*INFORMATION SUPPLIED*

(* Let $G=\{g_1,\dots,g_m\}$ be a finite group and let $\Gamma=(V,E)$ be a finite digraph (loops and multiple arcs allowed) with a voltage assignment $\alpha:E\to G$. Let $B_G$ be the $G$-representation matrix of $(\Gamma,\alpha)$, and define its powers by $B_G^{0}$ with $(B_G^0)_{uv}=\delta_{uv}e_1$ where $g_1$ is the identity and $e_1$ the corresponding unit vector, and $(B_G^{\ell+1})_{uv}=\sum_{w\in V}(B_G^{\ell})_{uw}\ast_G (B_G)_{wv}$. If $(B_G^\ell)_{uv}=(\beta_1,\dots,\beta_m)$, then for every $i=1,\dots,m$ and every $h\in G$ there are exactly $\beta_i$ walks of length $\ell$ in the lift $\Gamma^\alpha$ from vertex $(u,h)$ to vertex $(v,hg_i)$.
   Context: The lift $\Gamma^\alpha$ has vertex set $V\times G$, and for each arc $uv\in E$ and $g\in G$ an arc from $(u,g)$ to $(v,g\alpha(uv))$. For $a,b\in\mathbb{N}^m$ (indexed by the elements of $G$), their $G$-convolution is $a\ast_G b\in\mathbb{N}^m$ with $(a\ast_G b)_i=\sum_{j,k:\,g_jg_k=g_i}a_jb_k$. The $G$-representation matrix $B_G$ is the $V\times V$ matrix whose $uv$-entry is the vector $b_{uv}\in\mathbb{N}^m$ with $(b_{uv})_i$ equal to the number of arcs from $u$ to $v$ with voltage $g_i$. *)

theory Defs
  imports "HOL-Algebra.Group" "Graph_Theory.Digraph" "Graph_Theory.Arc_Walk"
begin

text \<open>Vectors in N^m indexed by the elements of the group G are functions
  from the carrier of G to nat.\<close>

definition gconv :: "('g, 'b) monoid_scheme \<Rightarrow> ('g \<Rightarrow> nat) \<Rightarrow> ('g \<Rightarrow> nat) \<Rightarrow> ('g \<Rightarrow> nat)" where
  "gconv G a b = (\<lambda>g. \<Sum>(j,k) \<in> {(j,k). j \<in> carrier G \<and> k \<in> carrier G \<and> j \<otimes>\<^bsub>G\<^esub> k = g}. a j * b k)"

definition rep_matrix :: "('v,'e) pre_digraph \<Rightarrow> ('e \<Rightarrow> 'g) \<Rightarrow> 'v \<Rightarrow> 'v \<Rightarrow> 'g \<Rightarrow> nat" where
  "rep_matrix \<Gamma> \<alpha> u v g = card {e \<in> arcs \<Gamma>. tail \<Gamma> e = u \<and> head \<Gamma> e = v \<and> \<alpha> e = g}"

fun rep_matrix_pow :: "('g, 'b) monoid_scheme \<Rightarrow> ('v,'e) pre_digraph \<Rightarrow> ('e \<Rightarrow> 'g) \<Rightarrow> nat \<Rightarrow> 'v \<Rightarrow> 'v \<Rightarrow> 'g \<Rightarrow> nat" where
  "rep_matrix_pow G \<Gamma> \<alpha> 0 u v = (\<lambda>g. if u = v \<and> g = \<one>\<^bsub>G\<^esub> then 1 else 0)"
| "rep_matrix_pow G \<Gamma> \<alpha> (Suc l) u v =
     (\<lambda>g. \<Sum>w \<in> verts \<Gamma>. gconv G (rep_matrix_pow G \<Gamma> \<alpha> l u w) (rep_matrix \<Gamma> \<alpha> w v) g)"

definition lift :: "('g, 'b) monoid_scheme \<Rightarrow> ('v,'e) pre_digraph \<Rightarrow> ('e \<Rightarrow> 'g) \<Rightarrow> ('v \<times> 'g, 'e \<times> 'g) pre_digraph" where
  "lift G \<Gamma> \<alpha> = \<lparr> verts = verts \<Gamma> \<times> carrier G, arcs = arcs \<Gamma> \<times> carrier G,
     tail = (\<lambda>(e,g). (tail \<Gamma> e, g)), head = (\<lambda>(e,g). (head \<Gamma> e, g \<otimes>\<^bsub>G\<^esub> \<alpha> e)) \<rparr>"

end

theory Submission
  imports Defs
begin

text \<open>Both sides satisfy the same recursion in the walk length. A walk of length \<open>l + 1\<close>
  in the lift ending at \<open>(v, h g)\<close> ends with the unique lift \<open>(e, h g \<alpha>(e)\<inverse>)\<close> of an
  arc \<open>e\<close> into \<open>v\<close>, so it is a walk of length \<open>l\<close> to \<open>(tail e, h (g \<alpha>(e)\<inverse>))\<close>
  followed by that arc. On the matrix side, writing the convolution over \<open>j k = g\<close> as a sum
  over \<open>k\<close> of terms at \<open>g k\<inverse>\<close>, the arcs from \<open>w\<close> to \<open>v\<close> with voltage \<open>k\<close>, summed over \<open>k\<close>
  and \<open>w\<close>, are exactly the arcs into \<open>v\<close>.\<close>

lemma cas_snoc_iff:
  "pre_digraph.cas H u (p @ [a]) v \<longleftrightarrow> pre_digraph.cas H u p (tail H a) \<and> head H a = v"
  by (induction p arbitrary: u) (auto simp: pre_digraph.cas.simps)

lemma awalk_snoc_iff:
  "pre_digraph.awalk H u (p @ [a]) v \<longleftrightarrow>
     pre_digraph.awalk H u p (tail H a) \<and> a \<in> arcs H \<and> head H a = v"
  by (auto simp: pre_digraph.awalk_def cas_snoc_iff)

lemma finite_awalks_length:
  assumes "finite (arcs H)"
  shows "finite {p. pre_digraph.awalk H u p v \<and> length p = l}"
proof (rule finite_subset)
  show "{p. pre_digraph.awalk H u p v \<and> length p = l} \<subseteq> {p. set p \<subseteq> arcs H \<and> length p = l}"
    by (auto simp: pre_digraph.awalk_def)
qed (rule finite_lists_length_eq[OF assms])

lemma card_awalks_Suc:
  assumes "finite (arcs H)"
  shows "card {p. pre_digraph.awalk H u p v \<and> length p = Suc l}
    = (\<Sum>a\<in>in_arcs H v. card {p. pre_digraph.awalk H u p (tail H a) \<and> length p = l})"
proof -
  define W where "W a = {p. pre_digraph.awalk H u p (tail H a) \<and> length p = l}" for a
  have "{p. pre_digraph.awalk H u p v \<and> length p = Suc l} = (\<Union>a\<in>in_arcs H v. (\<lambda>p. p @ [a]) ` W a)"
  proof (intro equalityI subsetI)
    fix q assume "q \<in> {p. pre_digraph.awalk H u p v \<and> length p = Suc l}"
    moreover from this obtain p a where "q = p @ [a]"
      by (metis (mono_tags) length_Suc_conv_rev mem_Collect_eq)
    ultimately show "q \<in> (\<Union>a\<in>in_arcs H v. (\<lambda>p. p @ [a]) ` W a)"
      by (auto simp: awalk_snoc_iff W_def)
  qed (auto simp: awalk_snoc_iff W_def)
  also have "card \<dots> = (\<Sum>a\<in>in_arcs H v. card ((\<lambda>p. p @ [a]) ` W a))"
    using assms by (intro card_UN_disjoint) (auto simp: in_arcs_def W_def intro: finite_awalks_length)
  also have "\<dots> = (\<Sum>a\<in>in_arcs H v. card (W a))"
    by (intro sum.cong refl card_image) (auto simp: inj_on_def)
  finally show ?thesis by (simp add: W_def)
qed

lemma tail_lift: "tail (lift G \<Gamma> \<alpha>) (e, x) = (tail \<Gamma> e, x)"
  by (simp add: lift_def)

context group
begin

lemma gconv_eq_sum:
  assumes "g \<in> carrier G"
  shows "gconv G a b g = (\<Sum>k\<in>carrier G. a (g \<otimes> inv k) * b k)"
proof -
  have "{(j, k). j \<in> carrier G \<and> k \<in> carrier G \<and> j \<otimes> k = g} = (\<lambda>k. (g \<otimes> inv k, k)) ` carrier G"
    using assms by (auto simp: m_assoc intro!: image_eqI)
  then show ?thesis
    by (simp add: gconv_def sum.reindex inj_on_def)
qed

lemma in_arcs_lift:
  assumes "x \<in> carrier G" and "\<And>e. e \<in> arcs \<Gamma> \<Longrightarrow> \<alpha> e \<in> carrier G"
  shows "in_arcs (lift G \<Gamma> \<alpha>) (v, x) = (\<lambda>e. (e, x \<otimes> inv (\<alpha> e))) ` in_arcs \<Gamma> v"
  using assms by (force simp: lift_def in_arcs_def m_assoc inv_solve_right)

lemma rep_matrix_pow_Suc_in_arcs:
  assumes "finite (carrier G)" and "fin_digraph \<Gamma>" and \<alpha>: "\<And>e. e \<in> arcs \<Gamma> \<Longrightarrow> \<alpha> e \<in> carrier G"
    and "g \<in> carrier G"
  shows "rep_matrix_pow G \<Gamma> \<alpha> (Suc l) u v g
    = (\<Sum>e\<in>in_arcs \<Gamma> v. rep_matrix_pow G \<Gamma> \<alpha> l u (tail \<Gamma> e) (g \<otimes> inv (\<alpha> e)))"
proof -
  interpret fin_digraph \<Gamma> by fact
  let ?P = "\<lambda>w. rep_matrix_pow G \<Gamma> \<alpha> l u w"
  have "gconv G (?P w) (rep_matrix \<Gamma> \<alpha> w v) g
      = (\<Sum>e\<in>{e \<in> in_arcs \<Gamma> v. tail \<Gamma> e = w}. ?P (tail \<Gamma> e) (g \<otimes> inv (\<alpha> e)))" for w
  proof -
    have "gconv G (?P w) (rep_matrix \<Gamma> \<alpha> w v) g
        = (\<Sum>k\<in>carrier G. \<Sum>e\<in>{e \<in> in_arcs \<Gamma> v. tail \<Gamma> e = w \<and> \<alpha> e = k}. ?P w (g \<otimes> inv k))"
      using assms(4) by (simp add: gconv_eq_sum rep_matrix_def conj_ac mult.commute)
    also have "\<dots> = (\<Sum>k\<in>carrier G. \<Sum>e\<in>{e \<in> {e \<in> in_arcs \<Gamma> v. tail \<Gamma> e = w}. \<alpha> e = k}.
                      ?P (tail \<Gamma> e) (g \<otimes> inv (\<alpha> e)))"
      by (intro sum.cong) auto
    also have "\<dots> = (\<Sum>e\<in>{e \<in> in_arcs \<Gamma> v. tail \<Gamma> e = w}. ?P (tail \<Gamma> e) (g \<otimes> inv (\<alpha> e)))"
      using assms(1) \<alpha> by (intro sum.group) auto
    finally show ?thesis .
  qed
  then have "rep_matrix_pow G \<Gamma> \<alpha> (Suc l) u v g
      = (\<Sum>w\<in>verts \<Gamma>. \<Sum>e\<in>{e \<in> in_arcs \<Gamma> v. tail \<Gamma> e = w}. ?P (tail \<Gamma> e) (g \<otimes> inv (\<alpha> e)))"
    by simp
  also have "\<dots> = (\<Sum>e\<in>in_arcs \<Gamma> v. ?P (tail \<Gamma> e) (g \<otimes> inv (\<alpha> e)))"
    by (intro sum.group) auto
  finally show ?thesis .
qed

end

theorem lemma4p2:
  fixes G :: "('g, 'b) monoid_scheme" and \<Gamma> :: "('v,'e) pre_digraph" and \<alpha> :: "'e \<Rightarrow> 'g"
  assumes "group G" and "finite (carrier G)"
    and "fin_digraph \<Gamma>"
    and "\<And>e. e \<in> arcs \<Gamma> \<Longrightarrow> \<alpha> e \<in> carrier G"
    and "u \<in> verts \<Gamma>" and "v \<in> verts \<Gamma>"
    and "g \<in> carrier G" and "h \<in> carrier G"
  shows "card {p. pre_digraph.awalk (lift G \<Gamma> \<alpha>) (u, h) p (v, h \<otimes>\<^bsub>G\<^esub> g) \<and> length p = l}
         = rep_matrix_pow G \<Gamma> \<alpha> l u v g"
  using assms(6,7)
proof (induction l arbitrary: v g)
  case 0
  interpret group G by fact
  have "h \<otimes>\<^bsub>G\<^esub> g = h \<longleftrightarrow> g = \<one>\<^bsub>G\<^esub>"
    using 0 assms(8) by (metis l_cancel_one one_closed r_one)
  then have "{p. pre_digraph.awalk (lift G \<Gamma> \<alpha>) (u, h) p (v, h \<otimes>\<^bsub>G\<^esub> g) \<and> length p = 0}
      = (if u = v \<and> g = \<one>\<^bsub>G\<^esub> then {[]} else {})"
    using assms(5,8) by (auto simp: pre_digraph.awalk_def pre_digraph.cas.simps lift_def)
  then show ?case by simp
next
  case (Suc l)
  interpret group G by fact
  interpret fin_digraph \<Gamma> by fact
  let ?L = "lift G \<Gamma> \<alpha>"
  have "finite (arcs ?L)"
    using assms(2) by (simp add: lift_def)
  then have "card {p. pre_digraph.awalk ?L (u, h) p (v, h \<otimes>\<^bsub>G\<^esub> g) \<and> length p = Suc l}
      = (\<Sum>a\<in>in_arcs ?L (v, h \<otimes>\<^bsub>G\<^esub> g). card {p. pre_digraph.awalk ?L (u, h) p (tail ?L a) \<and> length p = l})"
    by (rule card_awalks_Suc)
  also have "\<dots> = (\<Sum>e\<in>in_arcs \<Gamma> v. card {p. pre_digraph.awalk ?L (u, h) p
                                (tail \<Gamma> e, h \<otimes>\<^bsub>G\<^esub> (g \<otimes>\<^bsub>G\<^esub> inv\<^bsub>G\<^esub> (\<alpha> e))) \<and> length p = l})"
    using Suc.prems assms(4,8)
    by (simp add: in_arcs_lift sum.reindex inj_on_def tail_lift m_assoc)
  also have "\<dots> = (\<Sum>e\<in>in_arcs \<Gamma> v. rep_matrix_pow G \<Gamma> \<alpha> l u (tail \<Gamma> e) (g \<otimes>\<^bsub>G\<^esub> inv\<^bsub>G\<^esub> (\<alpha> e)))"
    using Suc.prems assms(4) by (intro sum.cong refl Suc.IH) auto
  also have "\<dots> = rep_matrix_pow G \<Gamma> \<alpha> (Suc l) u v g"
    by (rule rep_matrix_pow_Suc_in_arcs[OF assms(2-4) Suc.prems(2), symmetric])
  finally show ?case .
qed

end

*DIRECTIONS FOR THIS TASK*
Would you please copy exactly the part of the entries above that begins at the line containing "Context: The lift" and ends at the line containing "arcs \<Gamma>. tail", both lines included?

*ANSWER SECTION*
   Context: The lift $\Gamma^\alpha$ has vertex set $V\times G$, and for each arc $uv\in E$ and $g\in G$ an arc from $(u,g)$ to $(v,g\alpha(uv))$. For $a,b\in\mathbb{N}^m$ (indexed by the elements of $G$), their $G$-convolution is $a\ast_G b\in\mathbb{N}^m$ with $(a\ast_G b)_i=\sum_{j,k:\,g_jg_k=g_i}a_jb_k$. The $G$-representation matrix $B_G$ is the $V\times V$ matrix whose $uv$-entry is the vector $b_{uv}\in\mathbb{N}^m$ with $(b_{uv})_i$ equal to the number of arcs from $u$ to $v$ with voltage $g_i$. *)

theory Defs
  imports "HOL-Algebra.Group" "Graph_Theory.Digraph" "Graph_Theory.Arc_Walk"
begin

text \<open>Vectors in N^m indexed by the elements of the group G are functions
  from the carrier of G to nat.\<close>

definition gconv :: "('g, 'b) monoid_scheme \<Rightarrow> ('g \<Rightarrow> nat) \<Rightarrow> ('g \<Rightarrow> nat) \<Rightarrow> ('g \<Rightarrow> nat)" where
  "gconv G a b = (\<lambda>g. \<Sum>(j,k) \<in> {(j,k). j \<in> carrier G \<and> k \<in> carrier G \<and> j \<otimes>\<^bsub>G\<^esub> k = g}. a j * b k)"

definition rep_matrix :: "('v,'e) pre_digraph \<Rightarrow> ('e \<Rightarrow> 'g) \<Rightarrow> 'v \<Rightarrow> 'v \<Rightarrow> 'g \<Rightarrow> nat" where
  "rep_matrix \<Gamma> \<alpha> u v g = card {e \<in> arcs \<Gamma>. tail \<Gamma> e = u \<and> head \<Gamma> e = v \<and> \<alpha> e = g}"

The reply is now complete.